The Playlist of my Awkward Years

I'm making a playlist of all the songs I loved during my awkward years. It's really bringing back a lot of memories. Allow me to share.

1) Bush - Machinehead. I'm sitting in my bedroom getting pumped for my bar mitzvah. I have it blasting as I'm putting my new suit on. My sister walks in and yells over the music, "You're gonna be a man!"

2) Rush - Tom Sawyer. 6th grade sitting in the cafeteria listening to this song on my headphones thinking I'm so cool. I know nothing about the band, except that the drummer is awesome. This girl I had a crush on comes up to me and I act way too cool for her. I'm listening to Rush, leave me alone. She never talks to me again.

3) Third Eye Blind - Semi-Charmed Life. 7th grade social studies. I know this song by heart and I make sure everyone at Wilbur Wright Middle School knows this. I'm so freaking awesome - sitting in my desk singing the song at the top of my lungs. Mr. Colias gives me detention. I don't care, I'm singing about cocaine. Mr. Colias is so dorky, but detention sucks.

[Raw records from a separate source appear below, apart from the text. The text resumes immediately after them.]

(* Let $f=\min\{0,X,Y,X+Y\}$. Then for all $N\ge1$, $\dim(U_N)\ge N\cdot\lfloor N/2\rfloor$, and consequently the entropy $H(f)=\lim_{N\to\infty}\dim(U_N)/N^2$ satisfies $H(f)\ge 1/2$; in particular $H(f)>0$.
   Context: For a tropical polynomial $f=\min_{1\le j\le m}\{a_j+t_{j,1}X+t_{j,2}Y\}$ (here $a_j=0$ and exponents $(0,0),(1,0),(0,1),(1,1)$) and $N\ge1$, let $T_N=\{0,\dots,N-1\}^2$ and consider variables $u(k_1,k_2)$, $(k_1,k_2)\in T_N$. For each shift $(s_1,s_2)\in\mathbb{Z}^2$ with all $(t_{j,1}+s_1,t_{j,2}+s_2)\in T_N$, the linearization is $\min_j\{a_j+u(t_{j,1}+s_1,t_{j,2}+s_2)\}$, satisfied by $u$ if the minimum is attained at least twice. $U_N\subset\mathbb{R}^{N^2}$ is the set of points satisfying all these linearizations (a finite union of convex polyhedra), $\dim$ is its dimension, and the entropy is $H(f)=\lim_{N\to\infty}\dim(U_N)/N^2$. *)

theory Defs
  imports "HOL-Analysis.Analysis"
begin

text \<open>Points of the lattice: int \<times> int. A vector of R^(N^2) is a function
  u :: int \<times> int \<Rightarrow> real that vanishes outside T_N.\<close>

definition T :: "nat \<Rightarrow> (int \<times> int) set" where
  "T N = {0..<int N} \<times> {0..<int N}"

text \<open>A tropical polynomial in X,Y: a list of monomials (a_j, (t_j1, t_j2)),
  standing for min_j (a_j + t_j1 X + t_j2 Y).\<close>
type_synonym tpoly = "(real \<times> (int \<times> int)) list"

definition shiftpt :: "int \<times> int \<Rightarrow> int \<times> int \<Rightarrow> int \<times> int" where
  "shiftpt t s = (fst t + fst s, snd t + snd s)"

definition shift_ok :: "nat \<Rightarrow> tpoly \<Rightarrow> int \<times> int \<Rightarrow> bool" where
  "shift_ok N f s \<longleftrightarrow> (\<forall>j<length f. shiftpt (snd (f ! j)) s \<in> T N)"

definition lin_val :: "tpoly \<Rightarrow> (int \<times> int \<Rightarrow> real) \<Rightarrow> int \<times> int \<Rightarrow> nat \<Rightarrow> real" where
  "lin_val f u s j = fst (f ! j) + u (shiftpt (snd (f ! j)) s)"

definition lin_sat :: "tpoly \<Rightarrow> (int \<times> int \<Rightarrow> real) \<Rightarrow> int \<times> int \<Rightarrow> bool" where
  "lin_sat f u s \<longleftrightarrow> (\<exists>i<length f. \<exists>j<length f. i \<noteq> j \<and>
      lin_val f u s i = lin_val f u s j \<and> (\<forall>l<length f. lin_val f u s i \<le> lin_val f u s l))"

definition U :: "nat \<Rightarrow> tpoly \<Rightarrow> (int \<times> int \<Rightarrow> real) set" where
  "U N f = {u. (\<forall>k. k \<notin> T N \<longrightarrow> u k = 0) \<and> (\<forall>s. shift_ok N f s \<longrightarrow> lin_sat f u s)}"

text \<open>Dimension of a (finite union of convex polyhedra) S \<subseteq> R^(T_N): the largest d
  such that S contains a d-dimensional simplex, i.e. the convex hull of d+1
  affinely independent points. For a finite union of polyhedra this is the
  maximum of the dimensions of the pieces.\<close>
definition aff_indep :: "nat \<Rightarrow> nat \<Rightarrow> (nat \<Rightarrow> int \<times> int \<Rightarrow> real) \<Rightarrow> bool" where
  "aff_indep N d p \<longleftrightarrow> (\<forall>c :: nat \<Rightarrow> real.
     (\<forall>k\<in>T N. (\<Sum>i\<in>{1..d}. c i * (p i k - p 0 k)) = 0) \<longrightarrow> (\<forall>i\<in>{1..d}. c i = 0))"

definition simplex_in :: "nat \<Rightarrow> (nat \<Rightarrow> int \<times> int \<Rightarrow> real) \<Rightarrow> (int \<times> int \<Rightarrow> real) set \<Rightarrow> bool" where
  "simplex_in d p S \<longleftrightarrow> (\<forall>w :: nat \<Rightarrow> real. (\<forall>i\<le>d. w i \<ge> 0) \<and> (\<Sum>i\<le>d. w i) = 1 \<longrightarrow>
     (\<lambda>k. \<Sum>i\<le>d. w i * p i k) \<in> S)"

definition polydim :: "nat \<Rightarrow> (int \<times> int \<Rightarrow> real) set \<Rightarrow> nat" where
  "polydim N S = Sup {d. \<exists>p. aff_indep N d p \<and> simplex_in d p S}"

definition f_sq :: tpoly where
  "f_sq = [(0, (0, 0)), (0, (1, 0)), (0, (0, 1)), (0, (1, 1))]"

definition entropy_seq :: "tpoly \<Rightarrow> nat \<Rightarrow> real" where
  "entropy_seq f N = real (polydim N (U N f)) / real N ^ 2"

end

theory Submission
  imports Defs "HOL-Library.Function_Algebras"
begin

text \<open>Every unit square of the lattice contains a column with odd first coordinate, and the two
  monomials of f_sq supported on that column take the value 0 on any nonnegative u vanishing on
  odd columns. Hence U_N contains the nonnegative orthant of the functions supported on the even
  columns of T_N, which has dimension at least N * (N div 2); dividing by N^2 gives the entropy
  bound.\<close>

lemma sum_fun_apply: "(sum F A) x = (\<Sum>a\<in>A. F a x)"
  by (induction A rule: infinite_finite_induct) (auto simp: plus_fun_def zero_fun_def)

lemma (in vector_space) card_le_if_scalars_zero:
  assumes "finite I" and "finite B" and span: "v ` I \<subseteq> span B"
    and scalars_zero: "\<And>c. (\<Sum>i\<in>I. scale (c i) (v i)) = 0 \<Longrightarrow> \<forall>i\<in>I. c i = 0"
  shows "card I \<le> card B"
proof -
  have inj: "inj_on v I"
  proof (rule inj_onI, rule ccontr)
    fix i j assume ij: "i \<in> I" "j \<in> I" "v i = v j" "i \<noteq> j"
    define c where "c l = (if l = i then 1 else if l = j then - 1 else 0 :: 'a)" for l
    have "(\<Sum>l\<in>I. scale (c l) (v l)) = (\<Sum>l\<in>{i, j}. scale (c l) (v l))"
      using ij \<open>finite I\<close> by (intro sum.mono_neutral_right) (auto simp: c_def)
    also have "\<dots> = 0" using ij by (simp add: c_def)
    finally have "c i = 0" using scalars_zero ij(1) by blast
    then show False by (simp add: c_def)
  qed
  have "independent (v ` I)"
  proof (rule independent_if_scalars_zero)
    fix f x assume f: "(\<Sum>x\<in>v ` I. scale (f x) x) = 0" and "x \<in> v ` I"
    have "(\<Sum>i\<in>I. scale (f (v i)) (v i)) = 0" using f by (simp add: sum.reindex[OF inj])
    moreover obtain i where "i \<in> I" "x = v i" using \<open>x \<in> v ` I\<close> by blast
    ultimately show "f x = 0" using scalars_zero[of "\<lambda>i. f (v i)"] by simp
  qed (use \<open>finite I\<close> in simp)
  then have "card (v ` I) \<le> card B" using independent_span_bound \<open>finite B\<close> span by blast
  then show ?thesis by (simp add: card_image[OF inj])
qed

lemma vector_space_fun: "vector_space (\<lambda>(r::real) (f::'a \<Rightarrow> real) x. r * f x)"
  by unfold_locales (auto simp: plus_fun_def algebra_simps)

lemma finite_T: "finite (T N)"
  by (simp add: T_def)

lemma aff_indep_le_card_T:
  assumes "aff_indep N d p" shows "d \<le> card (T N)"
proof -
  interpret V: vector_space "\<lambda>(r::real) (f::int \<times> int \<Rightarrow> real) x. r * f x"
    by (rule vector_space_fun)
  define v where "v i k = (if k \<in> T N then p i k - p 0 k else 0)" for i k
  define e where "e t k = (if k = t then 1 else 0 :: real)" for t k :: "int \<times> int"
  have v_expansion: "v i = (\<Sum>t\<in>T N. (\<lambda>k. v i t * e t k))" for i
    by (auto simp: fun_eq_iff sum_fun_apply e_def v_def finite_T if_distrib cong: if_cong)
  have "v i \<in> V.span (e ` T N)" for i
    by (subst v_expansion) (intro V.span_sum V.span_scale V.span_base imageI)
  moreover have "\<forall>i\<in>{1..d}. c i = 0" if "(\<Sum>i\<in>{1..d}. (\<lambda>k. c i * v i k)) = 0" for c
  proof -
    have "(\<Sum>i\<in>{1..d}. c i * (p i k - p 0 k)) = 0" if "k \<in> T N" for k
      using fun_cong[OF \<open>_ = 0\<close>, of k] that by (simp add: sum_fun_apply v_def)
    with assms show ?thesis unfolding aff_indep_def by blast
  qed
  ultimately have "card {1..d} \<le> card (e ` T N)"
    by (intro V.card_le_if_scalars_zero[where v = v]) (auto simp: finite_T)
  also have "\<dots> \<le> card (T N)" by (rule card_image_le[OF finite_T])
  finally show ?thesis by simp
qed

text \<open>The bound from aff_indep_le_card_T is essential: the supremum of an unbounded set of
  naturals is a junk value.\<close>

lemma polydim_ge:
  assumes "aff_indep N d p" and "simplex_in d p S"
  shows "d \<le> polydim N S"
  unfolding polydim_def
proof (rule cSup_upper)
  show "bdd_above {d. \<exists>p. aff_indep N d p \<and> simplex_in d p S}"
    using aff_indep_le_card_T by (auto simp: bdd_above_def)
qed (use assms in blast)

lemma card_le_polydim_if_orthant_subset:
  assumes "A \<subseteq> T N"
    and orthant: "\<And>u. \<forall>k. 0 \<le> u k \<Longrightarrow> \<forall>k. k \<notin> A \<longrightarrow> u k = 0 \<Longrightarrow> u \<in> S"
  shows "card A \<le> polydim N S"
proof -
  define d where "d = card A"
  obtain q where q: "bij_betw q {1..d} A"
    using ex_bij_betw_nat_finite_1 finite_subset[OF assms(1) finite_T] d_def by blast
  define p where "p i k = (if i \<noteq> 0 \<and> k = q i then 1 else 0 :: real)" for i k
  have "aff_indep N d p"
    unfolding aff_indep_def
  proof (intro allI impI ballI)
    fix c :: "nat \<Rightarrow> real" and i
    assume vanish: "\<forall>k\<in>T N. (\<Sum>l\<in>{1..d}. c l * (p l k - p 0 k)) = 0"
      and i: "i \<in> {1..d}"
    have "c i = (\<Sum>l\<in>{1..d}. if l = i then c l else 0)" using i by simp
    also have "\<dots> = (\<Sum>l\<in>{1..d}. c l * (p l (q i) - p 0 (q i)))"
      using q i by (intro sum.cong) (auto simp: p_def bij_betw_def inj_on_eq_iff)
    also have "\<dots> = 0" using vanish bij_betwE[OF q] i assms(1) by blast
    finally show "c i = 0" .
  qed
  moreover have "simplex_in d p S"
    unfolding simplex_in_def
  proof (intro allI impI orthant)
    fix w :: "nat \<Rightarrow> real" and k assume "(\<forall>i\<le>d. 0 \<le> w i) \<and> sum w {..d} = 1"
    then show "0 \<le> (\<Sum>i\<le>d. w i * p i k)" by (intro sum_nonneg) (simp add: p_def)
  next
    fix w :: "nat \<Rightarrow> real" and k assume "k \<notin> A"
    then show "(\<Sum>i\<le>d. w i * p i k) = 0"
      using q by (auto simp: p_def bij_betw_def intro!: sum.neutral)
  qed
  ultimately show ?thesis unfolding d_def by (rule polydim_ge)
qed

lemma lin_sat_if_two_zero_terms:
  assumes "\<forall>l<length f. 0 \<le> lin_val f u s l"
    and "i < length f" "j < length f" "i \<noteq> j"
    and "lin_val f u s i = 0" "lin_val f u s j = 0"
  shows "lin_sat f u s"
  using assms unfolding lin_sat_def by metis

lemma U_f_sq_memI:
  assumes "\<forall>k. k \<notin> T N \<longrightarrow> u k = 0" and nonneg: "\<forall>k. 0 \<le> u k"
    and odd_column: "\<forall>k. odd (fst k) \<longrightarrow> u k = 0"
  shows "u \<in> U N f_sq"
  unfolding U_def
proof (intro CollectI conjI allI impI)
  fix s :: "int \<times> int"
  define c :: nat where "c = (if odd (fst s) then 0 else 1)"
  have "c < 2" "odd (fst s + int c)" by (simp_all add: c_def)
  then have "f_sq ! c = (0, (int c, 0))" "f_sq ! (c + 2) = (0, (int c, 1))"
    by (auto simp: f_sq_def less_2_cases_iff)
  then have "lin_val f_sq u s c = 0" "lin_val f_sq u s (c + 2) = 0"
    using odd_column \<open>odd (fst s + int c)\<close> by (simp_all add: lin_val_def shiftpt_def)
  moreover have "0 \<le> lin_val f_sq u s l" if "l < length f_sq" for l
  proof -
    have "fst (f_sq ! l) = 0" using that by (auto simp: f_sq_def less_Suc_eq)
    then show ?thesis using nonneg by (simp add: lin_val_def del: split_paired_All)
  qed
  ultimately show "lin_sat f_sq u s"
    using \<open>c < 2\<close>
    by (intro lin_sat_if_two_zero_terms[where i = c and j = "c + 2"]) (simp_all add: f_sq_def)
qed (use assms in blast)

lemma polydim_U_f_sq_ge: "N * (N div 2) \<le> polydim N (U N f_sq)"
proof -
  define A where "A = (\<lambda>(a, b). (2 * a, b)) ` ({0..<int (N div 2)} \<times> {0..<int N})"
  have "A \<subseteq> T N" by (auto simp: A_def T_def)
  moreover have "card A = N * (N div 2)"
    unfolding A_def by (subst card_image) (auto simp: inj_on_def card_cartesian_product)
  moreover have "\<And>k. odd (fst k) \<Longrightarrow> k \<notin> A" by (auto simp: A_def)
  then have "u \<in> U N f_sq" if "\<forall>k. 0 \<le> u k" "\<forall>k. k \<notin> A \<longrightarrow> u k = 0" for u
    using that \<open>A \<subseteq> T N\<close> by (intro U_f_sq_memI) blast+
  ultimately show ?thesis using card_le_polydim_if_orthant_subset by metis
qed

lemma entropy_seq_f_sq_ge:
  assumes "N \<ge> 1"
  shows "1/2 - 1 / (2 * real N) \<le> entropy_seq f_sq N"
proof -
  have "N \<le> 2 * (N div 2) + 1" by presburger
  then have half: "(real N - 1) / 2 \<le> real (N div 2)" by (simp flip: of_nat_le_iff)
  have "1/2 - 1 / (2 * real N) = real N * ((real N - 1) / 2) / real N ^ 2"
    using assms by (simp add: field_simps power2_eq_square)
  also have "\<dots> \<le> real N * real (N div 2) / real N ^ 2"
    using half by (intro divide_right_mono mult_left_mono) simp_all
  also have "\<dots> \<le> real (polydim N (U N f_sq)) / real N ^ 2"
    using polydim_U_f_sq_ge[of N] by (intro divide_right_mono) (simp_all flip: of_nat_mult)
  finally show ?thesis by (simp add: entropy_seq_def)
qed

theorem mainTheorem5:
  shows "(\<forall>N\<ge>1. N * (N div 2) \<le> polydim N (U N f_sq))
       \<and> (convergent (entropy_seq f_sq) \<longrightarrow>
            lim (entropy_seq f_sq) \<ge> 1/2 \<and> lim (entropy_seq f_sq) > 0)"
proof (intro conjI allI impI)
  show "N * (N div 2) \<le> polydim N (U N f_sq)" for N by (rule polydim_U_f_sq_ge)
  assume "convergent (entropy_seq f_sq)"
  then have "entropy_seq f_sq \<longlonglongrightarrow> lim (entropy_seq f_sq)"
    by (simp add: convergent_LIMSEQ_iff)
  moreover have "(\<lambda>N. 1/2 - 1 / (2 * real N)) \<longlonglongrightarrow> 1/2"
    using tendsto_diff[OF tendsto_const lim_const_over_n, of "1/2" "1/2"] by simp
  ultimately have "1/2 \<le> lim (entropy_seq f_sq)"
    using entropy_seq_f_sq_ge by (intro LIMSEQ_le) auto
  then show "1/2 \<le> lim (entropy_seq f_sq)" "lim (entropy_seq f_sq) > 0" by auto
qed

end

4) Dave Matthews Band - Let You Down. Trying to woo girls by singing the words "I have no lid upon my head, but if I did, you could look inside and see what's on my mind." It kind of worked. Only because everyone liked Dave Matthews. Some hot girl told me my Adidas gym pants were cool. They were cool.

5) Tom Petty and the Heartbreakers - American Girl. Going into my older brother's room while he was out of the house and memorizing all the band members of the Heartbreakers and then bringing them up on the way to school the next day so he would think I was cool. He didn't think I was cool. He thought I was AWESOME.

6) Aeroplane - Red Hot Chili Peppers. Wishing I could be one of the kids singing back up on the track.

7) Sophie B. Hawkins - As I Lay Me Down. My friends thought I was lame. I guess I was.

That's what I have so far. I'm going to keep working on it. Wish me luck.